━━ Records for this exercise

(* The eventually different forcing $\mathbb E$ is a union of countably many subsets each of which is centered and closed-uf-lim-linked; i.e., $\mathbb E$ is $\sigma$-$(\Lambda(\mathrm{centered})\cap\Lambda^{\lim}_{\mathrm{cuf}})$-linked.
   Context: $\mathbb E$ consists of triples $(s,k,\varphi)$ with $s\in\omega^{<\omega}$, $k<\omega$ and $\varphi:\omega\to[\omega]^{\leq k}$, ordered by $(s',k',\varphi')\leq(s,k,\varphi)$ iff $s'\supseteq s$, $k'\geq k$, $\varphi'(i)\supseteq\varphi(i)$ for all $i$, and $s'(i)\notin\varphi(i)$ for all $i\in\mathrm{dom}(s')\setminus\mathrm{dom}(s)$. For a poset $\mathbb P$ and $Q\subseteq\mathbb P$, $Q$ is closed-uf-lim-linked if for every non-principal ultrafilter $D$ on $\omega$ there are $\lim^D:Q^\omega\to Q$ and a $\mathbb P$-name $\dot D'$ of an ultrafilter extending $D$ such that for all $\bar q=\langle q_m\rangle\in Q^\omega$, $\lim^D\bar q\Vdash\{m:q_m\in\dot G\}\in\dot D'$. *)

theory Defs
  imports Main "HOL-Library.Sublist"
begin

type_synonym Econd = "nat list \<times> nat \<times> (nat \<Rightarrow> nat set)"

definition E_carrier :: "Econd set" where
  "E_carrier = {(s, k, \<phi>). \<forall>i. finite (\<phi> i) \<and> card (\<phi> i) \<le> k}"

definition E_le :: "Econd \<Rightarrow> Econd \<Rightarrow> bool" where
  "E_le c' c = (case c' of (s', k', \<phi>') \<Rightarrow> case c of (s, k, \<phi>) \<Rightarrow>
     prefix s s' \<and> k \<le> k' \<and> (\<forall>i. \<phi> i \<subseteq> \<phi>' i) \<and>
     (\<forall>i. length s \<le> i \<and> i < length s' \<longrightarrow> s' ! i \<notin> \<phi> i))"

definition nonprincipal_ultrafilter :: "nat set set \<Rightarrow> bool" where
  "nonprincipal_ultrafilter D \<longleftrightarrow>
     UNIV \<in> D \<and> {} \<notin> D \<and>
     (\<forall>A B. A \<in> D \<and> A \<subseteq> B \<longrightarrow> B \<in> D) \<and>
     (\<forall>A B. A \<in> D \<and> B \<in> D \<longrightarrow> A \<inter> B \<in> D) \<and>
     (\<forall>A. A \<in> D \<or> - A \<in> D) \<and>
     (\<forall>A. finite A \<longrightarrow> A \<notin> D)"

text \<open>Truth values are regular open sets of conditions: downward closed sets A
  such that any p all of whose extensions have extensions in A lies in A.
  p forces phi iff p belongs to the truth value of phi.\<close>

definition ro_set :: "'a set \<Rightarrow> ('a \<Rightarrow> 'a \<Rightarrow> bool) \<Rightarrow> 'a set \<Rightarrow> bool" where
  "ro_set P le A \<longleftrightarrow> A \<subseteq> P \<and>
     (\<forall>p\<in>A. \<forall>r\<in>P. le r p \<longrightarrow> r \<in> A) \<and>
     (\<forall>p\<in>P. (\<forall>r\<in>P. le r p \<longrightarrow> (\<exists>s\<in>P. le s r \<and> s \<in> A)) \<longrightarrow> p \<in> A)"

definition ro_neg :: "'a set \<Rightarrow> ('a \<Rightarrow> 'a \<Rightarrow> bool) \<Rightarrow> 'a set \<Rightarrow> 'a set" where
  "ro_neg P le A = {p\<in>P. \<forall>r\<in>P. le r p \<longrightarrow> r \<notin> A}"

definition ro_join :: "'a set \<Rightarrow> ('a \<Rightarrow> 'a \<Rightarrow> bool) \<Rightarrow> 'a set \<Rightarrow> 'a set \<Rightarrow> 'a set" where
  "ro_join P le A B = {p\<in>P. \<forall>r\<in>P. le r p \<longrightarrow> (\<exists>s\<in>P. le s r \<and> (s \<in> A \<or> s \<in> B))}"

text \<open>Truth value of "q belongs to the generic filter".\<close>
definition ro_of :: "'a set \<Rightarrow> ('a \<Rightarrow> 'a \<Rightarrow> bool) \<Rightarrow> 'a \<Rightarrow> 'a set" where
  "ro_of P le q = {p\<in>P. \<forall>r\<in>P. le r p \<longrightarrow> (\<exists>s\<in>P. le s r \<and> le s q)}"

text \<open>A name of a subset of omega is given by its membership truth values
  X :: nat => 'a set (each regular open).\<close>
definition subset_name :: "'a set \<Rightarrow> ('a \<Rightarrow> 'a \<Rightarrow> bool) \<Rightarrow> (nat \<Rightarrow> 'a set) \<Rightarrow> bool" where
  "subset_name P le X \<longleftrightarrow> (\<forall>m. ro_set P le (X m))"

text \<open>Truth value of "X is a subset of Y".\<close>
definition bv_subset :: "'a set \<Rightarrow> ('a \<Rightarrow> 'a \<Rightarrow> bool) \<Rightarrow> (nat \<Rightarrow> 'a set) \<Rightarrow> (nat \<Rightarrow> 'a set) \<Rightarrow> 'a set" where
  "bv_subset P le X Y = P \<inter> (\<Inter>m. ro_join P le (ro_neg P le (X m)) (Y m))"

definition check_set :: "'a set \<Rightarrow> nat set \<Rightarrow> nat \<Rightarrow> 'a set" where
  "check_set P A = (\<lambda>m. if m \<in> A then P else {})"

text \<open>U is a P-name of an ultrafilter on omega extending D: U X is the truth
  value of "X belongs to the ultrafilter", and 1 forces the ultrafilter axioms
  and that every element of D belongs to it.\<close>
definition uf_name :: "'a set \<Rightarrow> ('a \<Rightarrow> 'a \<Rightarrow> bool) \<Rightarrow> nat set set \<Rightarrow> ((nat \<Rightarrow> 'a set) \<Rightarrow> 'a set) \<Rightarrow> bool" where
  "uf_name P le D U \<longleftrightarrow>
     (\<forall>X. subset_name P le X \<longrightarrow> ro_set P le (U X)) \<and>
     (\<forall>X Y. subset_name P le X \<and> subset_name P le Y \<longrightarrow> U X \<inter> bv_subset P le X Y \<subseteq> U Y) \<and>
     (\<forall>X Y. subset_name P le X \<and> subset_name P le Y \<longrightarrow> U X \<inter> U Y \<subseteq> U (\<lambda>m. X m \<inter> Y m)) \<and>
     U (\<lambda>m. {}) = {} \<and>
     (\<forall>X. subset_name P le X \<longrightarrow> ro_join P le (U X) (U (\<lambda>m. ro_neg P le (X m))) = P) \<and>
     (\<forall>A\<in>D. U (check_set P A) = P)"
section \<open>The derivative map and its iteration\<close>

locale transport_problem = characteristics +
  fixes L L' K H1 :: real
    and g ghat :: "real \<Rightarrow> (real \<Rightarrow> real) \<Rightarrow> (real \<Rightarrow> real)"
    and h h' :: "real \<Rightarrow> real"
    and u :: "real \<Rightarrow> real \<Rightarrow> real"
  assumes g_Cb: "\<And>t v. t \<in> {0..T} \<Longrightarrow> v \<in> Cb {l..r} \<Longrightarrow> g t v \<in> Cb {l..r}"
    and g_lipschitz: "\<And>t v1 v2. t \<in> {0..T} \<Longrightarrow> v1 \<in> Cb {l..r} \<Longrightarrow> v2 \<in> Cb {l..r} \<Longrightarrow>
           supE {l..r} (\<lambda>z. g t v1 z - g t v2 z) \<le> L * supE {l..r} (\<lambda>z. v1 z - v2 z)"
    and ghat_Cb: "\<And>t v. t \<in> {0..T} \<Longrightarrow> v \<in> Cb {l..r} \<Longrightarrow> ghat t v \<in> Cb {l..r}"
    and g_deriv: "\<And>t v v' z. t \<in> {0..T} \<Longrightarrow> C1b_deriv {l..r} v v' \<Longrightarrow> z \<in> {l..r} \<Longrightarrow>
           (g t v has_real_derivative ghat t v' z) (at z within {l..r})"
    and ghat_bound: "\<And>s v. s \<in> {0..T} \<Longrightarrow> v \<in> Cb {l..r} \<Longrightarrow>
           supE {l..r} (ghat s v) \<le> L' * supE {l..r} v + K"
    and ghat_unif: "\<forall>R>0. \<forall>\<epsilon>>0. \<exists>\<delta>>0.
           \<forall>t\<in>{0..T}. \<forall>t'\<in>{0..T}. \<forall>v\<in>Cb {l..r}. \<forall>v'\<in>Cb {l..r}. \<forall>z\<in>{l..r}. \<forall>z'\<in>{l..r}.
             supE {l..r} v \<le> R \<and> supE {l..r} v' \<le> R \<and>
             \<bar>t - t'\<bar> < \<delta> \<and> supE {l..r} (\<lambda>y. v y - v' y) < \<delta> \<and> \<bar>z - z'\<bar> < \<delta> \<longrightarrow>
             \<bar>ghat t v z - ghat t' v' z'\<bar> < \<epsilon>"
    and h_C1: "C1b_deriv {l..r} h h'"
    and h'_bound: "\<And>z. z \<in> {l..r} \<Longrightarrow> \<bar>h' z\<bar> \<le> H1"
    and u_cont: "continuous_on ({0..T} \<times> {l..r}) (\<lambda>(t, z). u t z)"
    and u_repr: "\<And>t z. t \<in> {0..T} \<Longrightarrow> z \<in> {l..r} \<Longrightarrow>
           ((\<lambda>s. g s (u s) (Z t z s)) has_integral (u t z - h (Z t z T))) {t..T}"
begin

definition "Lg = max L' 0"
definition "Kg = max K 0"
definition "growth = Jmax * Lg + 1"
definition "A0 = H1 * Jmax + Jmax * Kg * T"
definition "R0 = A0 * exp (growth * T) + 1"
definition "ghat_max = Lg * R0 + Kg"

text \<open>The weight \<open>exp (growth * (T - s))\<close> absorbs the
  linear growth of \<open>ghat\<close>, so that this class is invariant under the map \<open>Phi\<close> below.\<close>
definition admissible :: "(real \<Rightarrow> real \<Rightarrow> real) \<Rightarrow> bool" where
  "admissible d \<longleftrightarrow> continuous_on ({0..T} \<times> E) (\<lambda>(s, x). d s x) \<and>
     (\<forall>s\<in>{0..T}. \<forall>x\<in>E. \<bar>d s x\<bar> \<le> A0 * exp (growth * (T - s)))"

lemma H1_nonneg: "0 \<le> H1"
  using h'_bound[of l] lr by auto

lemma Lg_nonneg: "0 \<le> Lg" and Kg_nonneg: "0 \<le> Kg"
  unfolding Lg_def Kg_def by simp_all

lemma growth_pos: "0 < growth"
  unfolding growth_def using Lg_nonneg Jmax_ge_1 by (simp add: add_nonneg_pos)

lemma A0_nonneg: "0 \<le> A0"
  unfolding A0_def using H1_nonneg Kg_nonneg Jmax_ge_1 T_pos by simp

lemma R0_pos: "0 < R0"
  unfolding R0_def using A0_nonneg by (simp add: add_nonneg_pos)

lemma ghat_max_nonneg: "0 \<le> ghat_max"
  unfolding ghat_max_def using Lg_nonneg Kg_nonneg R0_pos by simp

lemma admissible_weight_le: "s \<in> {0..T} \<Longrightarrow> A0 * exp (growth * (T - s)) \<le> R0 - 1"
  unfolding R0_def using growth_pos A0_nonneg by (simp add: mult_left_mono)

lemma admissible_0: "admissible (\<lambda>s x. 0)"
  unfolding admissible_def using A0_nonneg by simp

lemma admissible_Cb: "admissible d \<Longrightarrow> s \<in> {0..T} \<Longrightarrow> d s \<in> Cb E"
  unfolding Cb_def admissible_def using continuous_on_slice[of "{0..T}" E d s] by simp

lemma admissible_supE:
  "admissible d \<Longrightarrow> s \<in> {0..T} \<Longrightarrow> supE E (d s) \<le> A0 * exp (growth * (T - s))"
  by (rule supE_least[OF E_ne]) (auto simp: admissible_def)

lemma admissible_supE_le_R0: "admissible d \<Longrightarrow> s \<in> {0..T} \<Longrightarrow> supE E (d s) \<le> R0"
  using admissible_supE admissible_weight_le by fastforce

lemma admissible_abs_le: "admissible d \<Longrightarrow> s \<in> {0..T} \<Longrightarrow> x \<in> E \<Longrightarrow> \<bar>d s x\<bar> \<le> R0"
  using admissible_weight_le[of s] unfolding admissible_def by force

━━━━

▶ Required action
Only one part of the material above is to be transcribed, namely the lines starting with the line that has "((\<lambda>s. g s" and going on through the line that has "using h'_bound[of l] lr by auto", exactly as they stand.

▶ Exercise result
           ((\<lambda>s. g s (u s) (Z t z s)) has_integral (u t z - h (Z t z T))) {t..T}"
begin

definition "Lg = max L' 0"
definition "Kg = max K 0"
definition "growth = Jmax * Lg + 1"
definition "A0 = H1 * Jmax + Jmax * Kg * T"
definition "R0 = A0 * exp (growth * T) + 1"
definition "ghat_max = Lg * R0 + Kg"

text \<open>The weight \<open>exp (growth * (T - s))\<close> absorbs the
  linear growth of \<open>ghat\<close>, so that this class is invariant under the map \<open>Phi\<close> below.\<close>
definition admissible :: "(real \<Rightarrow> real \<Rightarrow> real) \<Rightarrow> bool" where
  "admissible d \<longleftrightarrow> continuous_on ({0..T} \<times> E) (\<lambda>(s, x). d s x) \<and>
     (\<forall>s\<in>{0..T}. \<forall>x\<in>E. \<bar>d s x\<bar> \<le> A0 * exp (growth * (T - s)))"

lemma H1_nonneg: "0 \<le> H1"
  using h'_bound[of l] lr by auto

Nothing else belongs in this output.